> **Dataset entries**:

text \<open>Levels of equal parity share a palette of c colours, the two parities use disjoint palettes.
  Within a colour class no arc rises a level, so a monochromatic cycle stays inside one level.\<close>
lemma colourable_double_if_levels_colourable:
  fixes l :: "'a \<Rightarrow> int"
  assumes rise: "\<forall>x\<in>X. \<forall>y\<in>X. (x, y) \<in> A \<longrightarrow> l y \<le> l x + 1"
    and levels: "\<forall>i. colourable {x \<in> X. l x = i} A c"
  shows "colourable X A (2 * c)"
proof -
  define A' where "A' = {(x, y) \<in> A. even (l x) = even (l y)}"
  have descend: "l y \<le> l x" if "(x, y) \<in> (A' \<inter> X \<times> X)\<^sup>*" for x y
    using that
  proof induction
    case (step y z)
    then have "l z \<le> l y + 1" "l z \<noteq> l y + 1" using rise by (auto simp: A'_def)
    with step.IH show ?case by linarith
  qed simp
  have "colourable X A' c"
  proof (rule colourable_if_parts_colourable[where p = l])
    show "\<forall>x\<in>X. \<forall>y\<in>X. (x, y) \<in> (A' \<inter> X \<times> X)\<^sup>* \<longrightarrow> (y, x) \<in> (A' \<inter> X \<times> X)\<^sup>* \<longrightarrow> l x = l y"
      by (auto intro: order_antisym descend)
    show "\<forall>i. colourable {x \<in> X. l x = i} A' c"
      using levels colourable_arcs_mono[of _ A c A'] by (auto simp: A'_def)
  qed
  then obtain f where f: "acyclic_colouring X A' c f" by (auto simp: colourable_def)
  define g where "g x = 2 * f x + (if even (l x) then 0 else 1)" for x
  have "acyclic (A \<inter> {v \<in> X. g v = t} \<times> {v \<in> X. g v = t})" if "t < 2 * c" for t
  proof (rule acyclic_subset)
    show "acyclic (A' \<inter> {v \<in> X. f v = t div 2} \<times> {v \<in> X. f v = t div 2})"
      using f that by (simp add: acyclic_colouring_def)
    show "A \<inter> {v \<in> X. g v = t} \<times> {v \<in> X. g v = t}
        \<subseteq> A' \<inter> {v \<in> X. f v = t div 2} \<times> {v \<in> X. f v = t div 2}"
      by (auto simp: A'_def g_def split: if_splits; presburger)
  qed
  moreover have "\<forall>v\<in>X. g v < 2 * c" using f by (auto simp: g_def acyclic_colouring_def)
  ultimately show ?thesis unfolding colourable_def acyclic_colouring_def by blast
qed
section \<open>GKM classes\<close>

definition root_cong :: "nat \<Rightarrow> nat \<Rightarrow> nat \<Rightarrow> mpoly \<Rightarrow> mpoly \<Rightarrow> bool" where
  "root_cong n j k a b \<longleftrightarrow> (\<exists>q\<in>polys n. a - b = (var j - var k) * q)"

lemma root_cong_refl: "root_cong n j k a a"
  unfolding root_cong_def by (rule bexI[of _ 0]) simp_all

lemma root_cong_add:
  assumes "root_cong n j k a b" and "root_cong n j k c d"
  shows "root_cong n j k (a + c) (b + d)"
proof -
  from assms obtain q q' where q: "q \<in> polys n" "a - b = (var j - var k) * q"
    and q': "q' \<in> polys n" "c - d = (var j - var k) * q'" by (auto simp: root_cong_def)
  have "a + c - (b + d) = (a - b) + (c - d)" by (simp add: algebra_simps)
  also have "\<dots> = (var j - var k) * (q + q')" by (simp only: q q' distrib_left)
  finally show ?thesis using q q' unfolding root_cong_def by auto
qed

lemma root_cong_diff:
  assumes "root_cong n j k a b" and "root_cong n j k c d"
  shows "root_cong n j k (a - c) (b - d)"
proof -
  from assms obtain q q' where q: "q \<in> polys n" "a - b = (var j - var k) * q"
    and q': "q' \<in> polys n" "c - d = (var j - var k) * q'" by (auto simp: root_cong_def)
  have "a - c - (b - d) = (a - b) - (c - d)" by (simp add: algebra_simps)
  also have "\<dots> = (var j - var k) * (q - q')" by (simp only: q q' right_diff_distrib)
  finally show ?thesis using q q' unfolding root_cong_def by auto
qed

lemma root_cong_mult:
  assumes "root_cong n j k a b" and "root_cong n j k c d" and "b \<in> polys n" and "c \<in> polys n"
  shows "root_cong n j k (a * c) (b * d)"
proof -
  from assms obtain q q' where q: "q \<in> polys n" "a - b = (var j - var k) * q"
    and q': "q' \<in> polys n" "c - d = (var j - var k) * q'" by (auto simp: root_cong_def)
  have "a * c - b * d = (a - b) * c + b * (c - d)" by (simp add: algebra_simps)
  also have "\<dots> = (var j - var k) * (q * c + b * q')" by (simp only: q q') (simp add: algebra_simps)
  finally show ?thesis using q q' assms(3,4) unfolding root_cong_def by auto
qed

lemma root_cong_swap: "root_cong n j k a b \<longleftrightarrow> root_cong n k j a b"
proof -
  have "root_cong n k j a b" if "root_cong n j k a b" for j k
  proof -
    from that obtain q where q: "q \<in> polys n" "a - b = (var j - var k) * q"
      by (auto simp: root_cong_def)
    have "(var j - var k) * q = (var k - var j) * - q" by (simp add: algebra_simps)
    then show ?thesis using q unfolding root_cong_def by (intro bexI[of _ "- q"]) simp_all
  qed
  then show ?thesis by blast
qed

lemma root_cong_poly_act:
  assumes s: "s permutes {1..n}" and "root_cong n j k a b"
  shows "root_cong n (s j) (s k) (poly_act s a) (poly_act s b)"
proof -
  have b: "bij s" using s by (rule permutes_bij)
  from assms obtain q where "q \<in> polys n" "a - b = (var j - var k) * q" by (auto simp: root_cong_def)
  then show ?thesis unfolding root_cong_def
    by (intro bexI[of _ "poly_act s q"])
      (simp_all add: poly_act_polys[OF s] flip: poly_act_diff[OF b] poly_act_var[OF b] poly_act_mult[OF b])
qed

definition gkm_on :: "nat \<Rightarrow> (nat \<Rightarrow> nat) \<Rightarrow> ((nat \<Rightarrow> nat) \<Rightarrow> mpoly) \<Rightarrow> bool" where
  "gkm_on n w f \<longleftrightarrow> (\<forall>u. bruhat_le n u w \<longrightarrow> f u \<in> polys n) \<and>
     (\<forall>j k u. 1 \<le> j \<and> j < k \<and> k \<le> n \<and> bruhat_le n u w \<and> bruhat_le n (transpose j k \<circ> u) w \<longrightarrow>
        root_cong n j k (f u) (f (transpose j k \<circ> u)))"

lemma gkm_onI:
  assumes "\<And>u. bruhat_le n u w \<Longrightarrow> f u \<in> polys n"
    and "\<And>j k u. 1 \<le> j \<Longrightarrow> j < k \<Longrightarrow> k \<le> n \<Longrightarrow> bruhat_le n u w \<Longrightarrow>
      bruhat_le n (transpose j k \<circ> u) w \<Longrightarrow> root_cong n j k (f u) (f (transpose j k \<circ> u))"
  shows "gkm_on n w f"
  using assms unfolding gkm_on_def by blast

lemma gkm_on_polys: "gkm_on n w f \<Longrightarrow> bruhat_le n u w \<Longrightarrow> f u \<in> polys n"
  unfolding gkm_on_def by blast

lemma gkm_on_root_cong:
  "gkm_on n w f \<Longrightarrow> 1 \<le> j \<Longrightarrow> j < k \<Longrightarrow> k \<le> n \<Longrightarrow> bruhat_le n u w \<Longrightarrow>
    bruhat_le n (transpose j k \<circ> u) w \<Longrightarrow> root_cong n j k (f u) (f (transpose j k \<circ> u))"
  unfolding gkm_on_def by blast

lemma gkm_on_add: "gkm_on n w f \<Longrightarrow> gkm_on n w g \<Longrightarrow> gkm_on n w (\<lambda>u. f u + g u)"
  by (intro gkm_onI) (simp_all add: gkm_on_polys root_cong_add gkm_on_root_cong)

lemma gkm_on_diff: "gkm_on n w f \<Longrightarrow> gkm_on n w g \<Longrightarrow> gkm_on n w (\<lambda>u. f u - g u)"
  by (intro gkm_onI) (simp_all add: gkm_on_polys root_cong_diff gkm_on_root_cong)

lemma gkm_on_mult: "gkm_on n w f \<Longrightarrow> gkm_on n w g \<Longrightarrow> gkm_on n w (\<lambda>u. f u * g u)"
  by (intro gkm_onI) (simp_all add: gkm_on_polys root_cong_mult gkm_on_root_cong)

lemma gkm_on_const: "c \<in> polys n \<Longrightarrow> gkm_on n w (\<lambda>_. c)"
  by (intro gkm_onI) (simp_all add: root_cong_refl)

lemma gkm_on_sum: "(\<And>i. i \<in> I \<Longrightarrow> gkm_on n w (f i)) \<Longrightarrow> gkm_on n w (\<lambda>u. \<Sum>i\<in>I. f i u)"
  by (induction I rule: infinite_finite_induct) (simp_all add: gkm_on_const gkm_on_add)

lemma gkm_on_prod: "(\<And>i. i \<in> I \<Longrightarrow> gkm_on n w (f i)) \<Longrightarrow> gkm_on n w (\<lambda>u. \<Prod>i\<in>I. f i u)"
  by (induction I rule: infinite_finite_induct) (simp_all add: gkm_on_const gkm_on_mult)

lemma gkm_on_var_apply: "i \<in> {1..n} \<Longrightarrow> gkm_on n w (\<lambda>u. var (u i))"
proof (rule gkm_onI)
  fix u assume "i \<in> {1..n}" "bruhat_le n u w"
  then show "var (u i) \<in> polys n"
    using Sn_in_iff[OF bruhat_le_Sn(1)] by (blast intro: polys_var)
next
  fix j k and u :: "nat \<Rightarrow> nat"
  let ?q = "if u i = j then 1 else if u i = k then - 1 else 0 :: mpoly"
  have "var (u i) - var ((transpose j k \<circ> u) i) = (var j - var k) * ?q"
    by (simp add: transpose_def)
  moreover have "?q \<in> polys n" by simp
  ultimately show "root_cong n j k (var (u i)) (var ((transpose j k \<circ> u) i))"
    unfolding root_cong_def by blast
qed

lemma gkm_on_var_diff_const:
  "i \<in> {1..n} \<Longrightarrow> c \<in> {1..n} \<Longrightarrow> gkm_on n w (\<lambda>u. var (u i) - var c)"
  by (intro gkm_on_diff gkm_on_var_apply gkm_on_const polys_var)

lemma gkm_on_mono: "gkm_on n w' f \<Longrightarrow> (\<And>u. bruhat_le n u w \<Longrightarrow> bruhat_le n u w') \<Longrightarrow> gkm_on n w f"
  unfolding gkm_on_def by blast

lemma GKM_iff: "p \<in> GKM n w \<longleftrightarrow> gkm_on n w p \<and> (\<forall>u. \<not> bruhat_le n u w \<longrightarrow> p u = 0)"
proof
  assume "gkm_on n w p \<and> (\<forall>u. \<not> bruhat_le n u w \<longrightarrow> p u = 0)"
  moreover have "p u \<in> polys n" if "gkm_on n w p" "\<forall>u. \<not> bruhat_le n u w \<longrightarrow> p u = 0" for u
    using that gkm_on_polys[of n w p u] by (cases "bruhat_le n u w") auto
  ultimately show "p \<in> GKM n w" unfolding GKM_def gkm_on_def root_cong_def by blast
qed (auto simp: GKM_def gkm_on_def root_cong_def)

> **Problem to solve**: Check every line above for the string "dots" and copy those that have it.

> **Answer to this problem**:
  also have "\<dots> = (var j - var k) * (q + q')" by (simp only: q q' distrib_left)
  also have "\<dots> = (var j - var k) * (q - q')" by (simp only: q q' right_diff_distrib)
  also have "\<dots> = (var j - var k) * (q * c + b * q')" by (simp only: q q') (simp add: algebra_simps)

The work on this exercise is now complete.